For the dedicated cracker, let's look at some larger systems. The
KASY0 system at the University of Kentucky
  http://aggregate.org/KASY0/
cost about $40000 and computes at a cost less than $100/GFLOPS. The
CPU's in this system are the AMD 2600's (128 total) so KASY0 would
compute at roughly 166 times faster than the values in Kurt's table.
But you asked for $240K, so six of these would compute just under a
thousand times faster then Kurt's table.

Using that data you get...
 7 characters, 96 character set - under a week
 8 characters, 96 character set - 1.6 years
Hmm. Seven characters are definitely within easy cracking range but
eight is still slightly out of reach.

The government on the other hand can afford a pretty high end system.
The largest Linux cluster on the top500 list
  http://www.top500.org/
is ranked #3, with 2300 2400 Mhz Xeon's (may be $12M or so to build).
  http://www.top500.org/lists/2003/06/3/
That is only about 3 times more powerful than the KASY0 solution in
compute, but also comes with over 100 terabytes of disk storage. If
you use a dictionary attack instead of the brute force calculations,
it would take less than 1/2 year to compute the dictionary and less
than a month to do the look up for the full 8 character, 96 character
set password.

All this analysis was done without use of any custom hardware.
However, there are descriptions of equipment such as DES Cracker
  http://www.eff.org/descracker/
  http://www.cryptography.com/resources/whitepapers/DES.html
built in 1999 that broke the RSA Labs DES Challenge II in three days
for a price of $250,000. There are also papers such as
  http://citeseer.nj.nec.com/345680.html
  (an 11 page paper in a variety of formats)
which describe crypt(3) as being roughly the same complexity as DES
(within a few percent). As a result, both the "dedicated cracker" and
the government can crack crypt(3) in well under a week.

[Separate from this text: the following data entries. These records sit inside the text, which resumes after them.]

(* Fix an integer $l\ge -1$. For every $g\ge 4l+3$, \[\#\{S\in\mathcal{S}_g\mid e(S)=g-l\}=\sum_{k=-1}^{l}\ \sum_{\substack{\overline{x}\in\mathcal{Y}(k)\\ a(\overline{x})+b(\overline{x})-c(\overline{x})=2k+1-l}}\binom{g-3k-2}{k+1-a(\overline{x})-2b(\overline{x})}.\]
   Context: A numerical semigroup $S$ is a submonoid of $\mathbb{N}_0$ with finite complement; its genus is the size of the complement and $e(S)$ is the size of its minimal generating set $(S\setminus\{0\})\setminus((S\setminus\{0\})+(S\setminus\{0\}))$. $\mathcal{S}_g$ is the set of numerical semigroups of genus $g$. For $\overline{x}=(x_1,\ldots,x_t)\in\{1,2,3\}^t$ let $a(\overline{x})=\#\{i: x_i=2\}$, $b(\overline{x})=\#\{i: x_i=3\}$, and $c(\overline{x})=\#\{i\in[1,t]: \exists j_1,j_2\in[1,t],\ j_1+j_2=i,\ (x_{j_1},x_{j_2},x_i)=(1,1,2)\}$. For an integer $k\ge 0$, $\mathcal{Y}(k)$ is the set of tuples $\overline{x}\in\{1,2,3\}^{2k+1}$ such that (i) whenever $i_1,i_2,i_3\in[1,2k+1]$ satisfy $i_1+i_2=i_3$, $(x_{i_1},x_{i_2},x_{i_3})\ne(1,1,3)$, and (ii) $a(\overline{x})+2b(\overline{x})\le k+1$; $\mathcal{Y}(-1)=\{\emptyset\}$ consists of the empty tuple (with $a=b=c=0$). *)

theory Defs
  imports Main
begin

definition numerical_semigroup :: "nat set \<Rightarrow> bool" where
  "numerical_semigroup S \<longleftrightarrow> 0 \<in> S \<and> (\<forall>x\<in>S. \<forall>y\<in>S. x + y \<in> S) \<and> finite (UNIV - S)"

definition genus :: "nat set \<Rightarrow> nat" where
  "genus S = card (UNIV - S)"

definition minimal_generators :: "nat set \<Rightarrow> nat set" where
  "minimal_generators S = (S - {0}) - {x + y | x y. x \<in> S - {0} \<and> y \<in> S - {0}}"

definition embedding_dim :: "nat set \<Rightarrow> nat" where
  "embedding_dim S = card (minimal_generators S)"

definition semigroups_of_genus :: "nat \<Rightarrow> nat set set" where
  "semigroups_of_genus g = {S. numerical_semigroup S \<and> genus S = g}"

text \<open>Tuples (x_1,...,x_t) are lists xs with x_i = xs ! (i - 1).\<close>

definition cnt_a :: "nat list \<Rightarrow> nat" where
  "cnt_a xs = card {i \<in> {1..length xs}. xs ! (i - 1) = 2}"

definition cnt_b :: "nat list \<Rightarrow> nat" where
  "cnt_b xs = card {i \<in> {1..length xs}. xs ! (i - 1) = 3}"

definition cnt_c :: "nat list \<Rightarrow> nat" where
  "cnt_c xs = card {i \<in> {1..length xs}. \<exists>j1\<in>{1..length xs}. \<exists>j2\<in>{1..length xs}.
      j1 + j2 = i \<and> xs ! (j1 - 1) = 1 \<and> xs ! (j2 - 1) = 1 \<and> xs ! (i - 1) = 2}"

definition Y :: "int \<Rightarrow> nat list set" where
  "Y k = (if k = -1 then {[]} else
     {xs. k \<ge> 0 \<and> length xs = nat (2 * k + 1) \<and> set xs \<subseteq> {1, 2, 3} \<and>
          (\<forall>i1\<in>{1..length xs}. \<forall>i2\<in>{1..length xs}. \<forall>i3\<in>{1..length xs}.
              i1 + i2 = i3 \<longrightarrow> (xs ! (i1 - 1), xs ! (i2 - 1), xs ! (i3 - 1)) \<noteq> (1, 1, 3)) \<and>
          int (cnt_a xs) + 2 * int (cnt_b xs) \<le> k + 1})"

end

theory Submission
  imports Defs
begin

(* A numerical semigroup of multiplicity m is determined by its Kunz coordinates f: for 0 < r < m
   the least element congruent to r modulo m is the Apery element f r * m + r, and the possible f
   are exactly those satisfying the Kunz inequalities f (r + s) <= f r + f s (plus 1 when r + s
   wraps around m). The genus is m - 1 + h with h the sum of all f r - 1, and the minimal
   generators are m and the Apery elements that are not sums of two others, so e(S) is m minus the
   number of decomposable residues.

   If e(S) = g - l and g >= 4l + 3, then 3h <= m. When r is not the sum of two residues with
   coordinate 1, at least half of the residues j < r (or of the r < j < m) have a coordinate >= 2,
   which the bound on h cannot afford unless f r is small. This forces f <= 3, f r = 3 only for
   r <= 2h - 3 and then r decomposable, and f r = 2 decomposable whenever r >= 2h. Hence S is
   encoded by k = h - 1, the tuple (f 1, ..., f (2k + 1)) in Y(k) and the set R of the
   r in [2k + 2, g - k) with f r = 2, of size k + 1 - a - 2b; the condition e(S) = g - l becomes
   a + b - c = 2k + 1 - l, and the choices of R are counted by the binomial coefficient. *)

lemma obtain_div_mod:
  fixes n m :: nat
  assumes "0 < m"
  obtains q r where "n = q * m + r" "r < m"
  using assms div_mult_mod_eq[of n m] by (metis mod_less_divisor)

lemma mult_add_less_inject:
  fixes q r q' r' m :: nat
  assumes "r < m" "r' < m" "q * m + r = q' * m + r'"
  shows "q = q' \<and> r = r'"
proof -
  have "(q * m + r) div m = (q' * m + r') div m" "(q * m + r) mod m = (q' * m + r') mod m"
    using assms(3) by simp_all
  then show ?thesis using assms(1,2) by simp
qed

lemma mult_add_eq_add_iff:
  fixes m :: nat
  assumes "a < m" "b < m" "r < m"
  shows "q * m + r = (qa * m + a) + (qb * m + b) \<longleftrightarrow>
    (a + b = r \<and> q = qa + qb) \<or> (a + b = r + m \<and> q = qa + qb + 1)"
proof (cases "a + b < m")
  case True
  have "(qa * m + a) + (qb * m + b) = (qa + qb) * m + (a + b)" by (simp add: algebra_simps)
  then show ?thesis using mult_add_less_inject[OF assms(3) True, of q "qa + qb"] True by auto
next
  case False
  have "(qa * m + a) + (qb * m + b) = (qa + qb + 1) * m + (a + b - m)"
    using False by (simp add: algebra_simps)
  moreover have "a + b - m < m" using assms by linarith
  ultimately show ?thesis
    using mult_add_less_inject[OF assms(3) \<open>a + b - m < m\<close>, of q "qa + qb + 1"] False by auto
qed

lemma card_le_twice_card_if_involution_meets:
  assumes "finite A" and inv: "\<And>j. j \<in> A \<Longrightarrow> \<sigma> j \<in> A \<and> \<sigma> (\<sigma> j) = j"
    and meets: "\<And>j. j \<in> A \<Longrightarrow> j \<in> X \<or> \<sigma> j \<in> X"
  shows "card A \<le> 2 * card (X \<inter> A)"
proof -
  have "A \<subseteq> (X \<inter> A) \<union> \<sigma> ` (X \<inter> A)"
  proof
    fix j assume j: "j \<in> A"
    show "j \<in> (X \<inter> A) \<union> \<sigma> ` (X \<inter> A)"
      using meets[OF j] inv[OF j] j by (metis IntI UnI1 UnI2 image_eqI)
  qed
  then have "card A \<le> card ((X \<inter> A) \<union> \<sigma> ` (X \<inter> A))"
    by (rule card_mono[rotated]) (use assms(1) in simp)
  also have "\<dots> \<le> card (X \<inter> A) + card (\<sigma> ` (X \<inter> A))" by (rule card_Un_le)
  also have "\<dots> \<le> 2 * card (X \<inter> A)" using card_image_le[of "X \<inter> A" \<sigma>] assms(1) by simp
  finally show ?thesis .
qed

lemma sum_minus_1_eq_card_2_3:
  assumes "finite A" "\<And>i. i \<in> A \<Longrightarrow> f i \<in> {1, 2, 3 :: nat}"
  shows "(\<Sum>i\<in>A. f i - 1) = card {i \<in> A. f i = 2} + 2 * card {i \<in> A. f i = 3}"
proof -
  have "(\<Sum>i\<in>A. f i - 1) = (\<Sum>i\<in>A. (if f i = 2 then 1 else 0) + (if f i = 3 then 2 else 0))"
  proof (rule sum.cong)
    fix i assume "i \<in> A"
    then have "f i \<in> {1, 2, 3}" by (rule assms(2))
    then show "f i - 1 = (if f i = 2 then 1 else 0) + (if f i = 3 then 2 else 0)" by auto
  qed simp
  also have "\<dots> = card {i \<in> A. f i = 2} + 2 * card {i \<in> A. f i = 3}"
    using assms(1) by (simp add: sum.distrib sum.If_cases Int_def conj_commute)
  finally show ?thesis .
qed

section \<open>Kunz coordinates\<close>

definition kunz_semigroup :: "nat \<Rightarrow> (nat \<Rightarrow> nat) \<Rightarrow> nat set" where
  "kunz_semigroup m f = {n. n mod m = 0 \<or> f (n mod m) \<le> n div m}"

definition kunz_admissible :: "nat \<Rightarrow> (nat \<Rightarrow> nat) \<Rightarrow> bool" where
  "kunz_admissible m f \<longleftrightarrow> 0 < m \<and> (\<forall>r\<in>{1..<m}. 1 \<le> f r) \<and>
     (\<forall>r s. 1 \<le> r \<longrightarrow> 1 \<le> s \<longrightarrow> r + s < m \<longrightarrow> f (r + s) \<le> f r + f s) \<and>
     (\<forall>r s. r < m \<longrightarrow> s < m \<longrightarrow> m < r + s \<longrightarrow> f (r + s - m) \<le> f r + f s + 1)"

lemma kunz_admissibleD:
  assumes "kunz_admissible m f"
  shows kunz_admissible_pos: "0 < m"
    and kunz_admissible_ge_1: "r \<in> {1..<m} \<Longrightarrow> 1 \<le> f r"
    and kunz_admissible_add: "1 \<le> r \<Longrightarrow> 1 \<le> s \<Longrightarrow> r + s < m \<Longrightarrow> f (r + s) \<le> f r + f s"
    and kunz_admissible_add_wrap:
      "r < m \<Longrightarrow> s < m \<Longrightarrow> m < r + s \<Longrightarrow> f (r + s - m) \<le> f r + f s + 1"
  using assms unfolding kunz_admissible_def by blast+

lemma kunz_semigroup_mem:
  assumes "r < m"
  shows "q * m + r \<in> kunz_semigroup m f \<longleftrightarrow> r = 0 \<or> f r \<le> q"
  using assms unfolding kunz_semigroup_def by auto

The reference you provide is called out in a few other on line pages.
A search using:
://www.google.com/search?as_lq=http%3A%2F%2Fattila.stevens-tech.edu%2F%7Ekhockenb%2Fcrypt3.html&btnG=Search
provides six pages that directly reference the information. The fourth
one:
  http://www.cromwell-intl.com/security/security-sysaudit.html
provides the relative strengths of the different algorithms. Of
particular note is the increased complexity of MD5 in the table - if I
read correctly, about 15 orders of magnitude more complex than the 8
character crypt password.

So - the bottom line appears that what Kurt Hockenbury had predicted
has come true - crypt(3) is basically inadequate for any serious
protection. Use of a more robust algorithm such as MD5 is needed - and
thankfully is available in a number of systems.

If I have missed the mark in the analysis or you need more details on
the calculations - please use a clarification request. I'd be glad to
follow up on this question.

  --Maniac

Well written complete answer that nailed the question - good job & thanx!